Code Monkey home page Code Monkey logo

twitter-graph's Introduction

twitter-graph

I spend a lot of time on Twitter, and over the years I have been following a wide variety of people: old friends, work colleagues, funny accounts, etc. Gradually, my timeline has become this messy mix that makes Twitter so enjoyable.

Wouldn't it be be nice, though, to have some hindsight and perspective on what's actually going on?

Contents | Example | Usage | References | Credits

Behold: the graph of my Twitter friends

Friends

My twitter world litterally looks like a world map, which is fantastic!

Download

Original 1080p 2160p 4320p 8640p pdf
Labeled 1080p 2160p 4320p 8640p pdf
Hubs 1080p 2160p 4320p 8640p pdf

Clusters

By running a clustering algorithm [1, 2], several communities are automatically discovered:

  • #f00 the Machine Learning research community;
  • #00f French academia;
  • #0ff software engineers, mainly from my internship at Twitter, and silicon valley startups;
  • #0f0 the Drone community, from my time at Parrot;
  • #ff0 entertainment accounts: youtubers, cartoonists, video games.

As we zoom in closer, we can find additional smaller clusters:

  • #f90 the SequeL lab, where I am doing my PhD, and French researchers in theoretical ML
  • #b0b Anglo-Saxon academia;
  • #09f students and staff of Mines ParisTech, my university;
  • #cf5 French tech, startups and entrepreneurs

The size of the nodes represents which accounts are the most popular according to this graph.

Intuitively, a popular account is followed by many other popular accounts. Popularity is also related the probability of reaching a node by walking randomly in the graph. The PageRank algorithm [3], used in search engines, provides such a metric.

On this graph the results are reasonable: accounts with many followers such as @elonmusk, @ylecun and @snowden end up with a high PageRank. But the structure of the network also plays an important part, since by only relying on the number of followers, accounts such as @TheRealJimCarey, @RobertDowneyJr, @tomhanks would be very salient while they barely stand out in terms of PageRank.

Hubs

Instead of scaling the nodes by popularity, we can also look for nodes that are in-between several communities, and connect them together. It is measured by the Betweenness Centrality, which measures how often a node appears on shortest paths between nodes of the Network.

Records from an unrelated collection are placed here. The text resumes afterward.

lemma disorder_component_second_moment:
  shows "integrable disorder (\<lambda>J. (J is)\<^sup>2)" and "(\<integral>J. (J is)\<^sup>2 \<partial>disorder) = 1"
proof -
  let ?G = "density lborel std_normal_density"
  have distr_eq: "distr disorder ?G (\<lambda>J. J is) = ?G"
    unfolding disorder_def by (rule distr_PiM_component) (auto intro: prob_space_normal_density)
  have J_meas: "(\<lambda>J. J is) \<in> disorder \<rightarrow>\<^sub>M ?G"
    unfolding disorder_def by (rule measurable_component_singleton) simp
  have sq_meas: "(\<lambda>x::real. x\<^sup>2) \<in> borel_measurable ?G"
    by (simp add: measurable_cong_sets[OF sets_density refl])
  have G_integrable: "integrable ?G (\<lambda>x::real. x\<^sup>2)"
    by (subst integrable_density) (auto intro: integrable_std_normal_moment[of 2])
  have G_integral: "integral\<^sup>L ?G (\<lambda>x::real. x\<^sup>2) = 1"
    using integral_std_normal_moment_even[of 1] by (subst integral_density) auto
  show "integrable disorder (\<lambda>J. (J is)\<^sup>2)"
    using integrable_distr_eq[OF J_meas sq_meas] G_integrable distr_eq by simp
  show "(\<integral>J. (J is)\<^sup>2 \<partial>disorder) = 1"
    using integral_distr[OF J_meas sq_meas] G_integral distr_eq by simp
qed

lemma hamiltonian_measurable [measurable (raw)]:
  assumes "f \<in> M \<rightarrow>\<^sub>M disorder" and "g \<in> M \<rightarrow>\<^sub>M PiM {..<N} (\<lambda>_. lborel)"
  shows "(\<lambda>x. hamiltonian I D N (f x) (g x)) \<in> borel_measurable M"
proof -
  note borel_measurable_prod_list [measurable (raw)] disorder_component_measurable [measurable]
  have "(\<lambda>(J, \<sigma>). hamiltonian I D N J \<sigma>) \<in> borel_measurable (disorder \<Otimes>\<^sub>M PiM {..<N} (\<lambda>_. lborel))"
    unfolding hamiltonian_def tuples_def by measurable auto
  from measurable_compose[OF measurable_Pair[OF assms] this] show ?thesis
    by simp
qed

locale species_partition =
  fixes I :: "nat \<Rightarrow> 's::finite \<Rightarrow> nat set"
  assumes blocks_disjoint: "\<And>N s s'. s \<noteq> s' \<Longrightarrow> I N s \<inter> I N s' = {}"
    and blocks_cover: "\<And>N. (\<Union>s. I N s) = {..<N}"
begin

lemma block_lessThan [simp]: "j \<in> I N s \<Longrightarrow> j < N"
  using blocks_cover by blast

lemma finite_block [simp]: "finite (I N s)"
  using finite_subset[of "I N s" "{..<N}"] by fastforce

lemma block_unique: "j \<in> I N s \<Longrightarrow> j \<in> I N s' \<Longrightarrow> s = s'"
  using blocks_disjoint by blast

lemma ex_block: "j < N \<Longrightarrow> \<exists>s. j \<in> I N s"
  using blocks_cover by blast

lemma sum_lessThan_blocks: "(\<Sum>j<N. f j) = (\<Sum>s\<in>UNIV. \<Sum>j\<in>I N s. f j)"
  using sum.UNION_disjoint[of UNIV "I N" f] blocks_cover[of N] by (auto dest: block_unique)

lemma sets_mu_N [measurable_cong]: "sets (mu_N I N) = sets (PiM {..<N} (\<lambda>_. lborel))"
  unfolding mu_N_def by simp

lemma finite_measure_mu_N: "finite_measure (mu_N I N)"
  unfolding mu_N_def
proof (intro finite_measure.finite_measure_distr finite_measure_PiM finite_measure_sphere_unif finite_block)
  show "(\<lambda>\<omega>. restrict (\<lambda>i. \<omega> (THE s. i \<in> I N s) i) {..<N})
      \<in> PiM UNIV (\<lambda>s. sphere_unif (I N s)) \<rightarrow>\<^sub>M PiM {..<N} (\<lambda>_. lborel)"
  proof (rule measurable_restrict)
    fix i assume "i \<in> {..<N}"
    then obtain s where "i \<in> I N s"
      using ex_block by blast
    then have "(\<lambda>\<omega>. \<omega> s i) \<in> borel_measurable (PiM UNIV (\<lambda>s. PiM (I N s) (\<lambda>_. lborel)))"
      by (intro measurable_component_component) simp_all
    moreover have "(THE s. i \<in> I N s) = s"
      using \<open>i \<in> I N s\<close> block_unique by blast
    ultimately show
      "(\<lambda>\<omega>. \<omega> (THE s. i \<in> I N s) i) \<in> PiM UNIV (\<lambda>s. sphere_unif (I N s)) \<rightarrow>\<^sub>M lborel"
      by (simp add: measurable_cong_sets[OF sets_PiM_cong[OF refl sets_sphere_unif] refl])
  qed
qed simp

lemma pred_Bset [measurable]:
  "Measurable.pred (PiM {..<n} (\<lambda>_. PiM {..<N} (\<lambda>_. lborel))) (\<lambda>\<Sigma>. \<Sigma> \<in> Bset I N n \<rho>)"
proof -
  note measurable_component_component [measurable]
  have "Measurable.pred (PiM {..<n} (\<lambda>_. PiM {..<N} (\<lambda>_. lborel)))
     (\<lambda>\<Sigma>. \<forall>i<n. (\<forall>s. (\<Sum>j\<in>I N s. (\<Sigma> i j)\<^sup>2) = real (card (I N s))) \<and>
        (\<forall>k<n. i \<noteq> k \<longrightarrow> (\<forall>s. \<bar>overlap I N s (\<Sigma> i) (\<Sigma> k)\<bar> \<le> \<rho>)))"
    unfolding overlap_def by measurable
  then show ?thesis
    by (rule measurable_cong[THEN iffD1, rotated]) (auto simp: Bset_def S_N_def space_PiM PiE_iff)
qed

lemma Boltzmann_weight_measurable:
  "(\<lambda>(J, \<Sigma>). indicator (Bset I N n \<rho>) \<Sigma> * exp (\<Sum>i<n. hamiltonian I D N J (\<Sigma> i)))
    \<in> borel_measurable (disorder \<Otimes>\<^sub>M PiM {..<n} (\<lambda>_. mu_N I N))"
  by measurable

lemma free_energy_measurable: "free_energy I D N n \<rho> \<in> borel_measurable disorder"
proof -
  interpret finite_measure "PiM {..<n} (\<lambda>_. mu_N I N)"
    by (intro finite_measure_PiM finite_measure_mu_N) simp
  show ?thesis
    unfolding free_energy_def[abs_def] set_lebesgue_integral_def by measurable
qed

lemma norm_p_tuple_p: "set js \<subseteq> {..<N} \<Longrightarrow> norm_p (tuple_p I N js) = length js"
proof (induction js)
  case Nil
  then show ?case by (simp add: norm_p_def tuple_p_def)
next
  case (Cons j js)
  then obtain s where "j \<in> I N s"
    using ex_block[of j N] by auto
  then have "{t. j \<in> I N t} = {s}"
    using block_unique by blast
  then have "(\<Sum>t\<in>UNIV. of_bool (j \<in> I N t) :: nat) = 1"
    by simp
  moreover have "tuple_p I N (j # js) t = of_bool (j \<in> I N t) + tuple_p I N js t" for t
    by (simp add: tuple_p_def)
  ultimately show ?case
    using Cons by (simp add: norm_p_def sum.distrib)
qed

lemma tuple_p_singleton: "j \<in> I N s \<Longrightarrow> tuple_p I N [j] = indicator {s}"
  unfolding tuple_p_def by (rule ext) (auto simp: indicator_def dest: block_unique)

definition external_field ::
    "(('s \<Rightarrow> nat) \<Rightarrow> real) \<Rightarrow> nat \<Rightarrow> (nat list \<Rightarrow> real) \<Rightarrow> (nat \<Rightarrow> real) \<Rightarrow> real"
  where "external_field D N J \<sigma> = (\<Sum>j<N. coef I D N [j] * J [j] * \<sigma> j)"

(* Not an equality: where the series defining the Hamiltonians diverges, both are the same junk
   value. *)
lemma hamiltonian_diff_external_field:
  assumes D_eq: "\<And>p. 2 \<le> norm_p p \<Longrightarrow> D1 p = D2 p"
    and D2_zero: "\<And>p. norm_p p \<le> 1 \<Longrightarrow> D2 p = 0"
  shows "hamiltonian I D1 N J \<sigma> - hamiltonian I D2 N J \<sigma> \<in> {0, sqrt N * external_field D1 N J \<sigma>}"
proof -
  define T where "T D k = (\<Sum>js\<in>tuples N (Suc k). coef I D N js * J js * (\<Prod>j\<leftarrow>js. \<sigma> j))" for D k
  have norm_tuple: "norm_p (tuple_p I N js) = Suc k" if "js \<in> tuples N (Suc k)" for js k
    using that norm_p_tuple_p by (simp add: tuples_def)
  have "T D1 k = T D2 k + (if k = 0 then external_field D1 N J \<sigma> else 0)" for k
  proof (cases k)
    case 0
    have "tuples N 1 = (\<lambda>j. [j]) ` {..<N}"
      by (auto simp: tuples_def length_Suc_conv)
    moreover have "coef I D2 N js = 0" if "js \<in> tuples N 1" for js
      using norm_tuple[of js 0] that D2_zero by (simp add: coef_def)
    ultimately show ?thesis
      using 0 by (simp add: T_def external_field_def sum.reindex inj_on_def)
  next
    case (Suc k')
    then have "coef I D1 N js = coef I D2 N js" if "js \<in> tuples N (Suc k)" for js
      using norm_tuple[OF that] D_eq by (simp add: coef_def)
    then show ?thesis
      using Suc by (simp add: T_def)
  qed
  then have "suminf (T D1) - suminf (T D2) \<in> {0, external_field D1 N J \<sigma>}"
    by (rule suminf_diff_first_term)
  moreover have "hamiltonian I D N J \<sigma> = sqrt N * suminf (T D)" for D
    by (simp add: hamiltonian_def T_def[abs_def])
  ultimately show ?thesis
    by (auto simp flip: right_diff_distrib)
qed

lemma Bset_self_inner:
  assumes "\<Sigma> \<in> Bset I N n \<rho>" and "i < n"
  shows "(\<Sum>j<N. (\<Sigma> i j)\<^sup>2) = N"
proof -
  have "\<Sigma> i \<in> S_N I N"
    using assms by (auto simp: Bset_def)
  then have "(\<Sum>j<N. (\<Sigma> i j)\<^sup>2) = (\<Sum>s\<in>UNIV. real (card (I N s)))"
    by (simp add: sum_lessThan_blocks S_N_def)
  also have "\<dots> = N"
    using sum_lessThan_blocks[of "\<lambda>_. 1::real" N] by simp
  finally show ?thesis .
qed

lemma Bset_cross_inner:
  assumes "\<Sigma> \<in> Bset I N n \<rho>" and "i < n" "k < n" "i \<noteq> k"
  shows "(\<Sum>j<N. \<Sigma> i j * \<Sigma> k j) \<le> N * \<rho>"
proof -
  have "(\<Sum>j\<in>I N s. \<Sigma> i j * \<Sigma> k j) \<le> card (I N s) * \<rho>" for s
  proof (cases "I N s = {}")
    case False
    then have "card (I N s) > 0"
      by (simp add: card_gt_0_iff)
    moreover have "\<bar>overlap I N s (\<Sigma> i) (\<Sigma> k)\<bar> \<le> \<rho>"
      using assms by (auto simp: Bset_def)
    ultimately show ?thesis
      by (simp add: overlap_def divide_le_eq abs_le_iff mult.commute)
  qed simp
  then have "(\<Sum>j<N. \<Sigma> i j * \<Sigma> k j) \<le> (\<Sum>s\<in>UNIV. card (I N s) * \<rho>)"
    by (simp add: sum_lessThan_blocks sum_mono)
  also have "\<dots> = N * \<rho>"
    using sum_lessThan_blocks[of "\<lambda>_. 1::real" N] by (simp add: sum_distrib_right)
  finally show ?thesis .
qed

For instance, we see accounts that belong to both the AI/ML research and French academia stand out, like @freakonometrics and @bguedj, or people like @chr1sa who is in-between drones and Silicon Valley clusters.

Statistics

Statistics Value
Nodes 2406
Edges 107697
Diameter 9
Average path length 3.1
Average degree 44.65
Average clustering coefficient 0.234

The graph of my followers

Friends

The first thing we can notice is that this graph looks more clustered than the previous one, which is confirmed by a higher average clustering coefficient. Some clusters also seem to have disappeared, namely the #ff0 entertainment and #b0b Anglo-Saxon academia.

Downloads

Original 1080p 2160p 4320p 8640p pdf svg
Labeled 1080p 2160p 4320p 8640p pdf svg
Hubs 1080p 2160p 4320p 8640p pdf svg

Statistics

Statistics Value
Nodes 839
Edges 10614
Diameter 8
Average path length 3.4
Average degree 12.65
Average clustering coefficient 0.316

Usage

Step 1. Get the data

To get access to the Twitter API, you must first register on the Twitter Developer Portal. Then, create an app (with read permissions) and record your authentication keys in credentials.json.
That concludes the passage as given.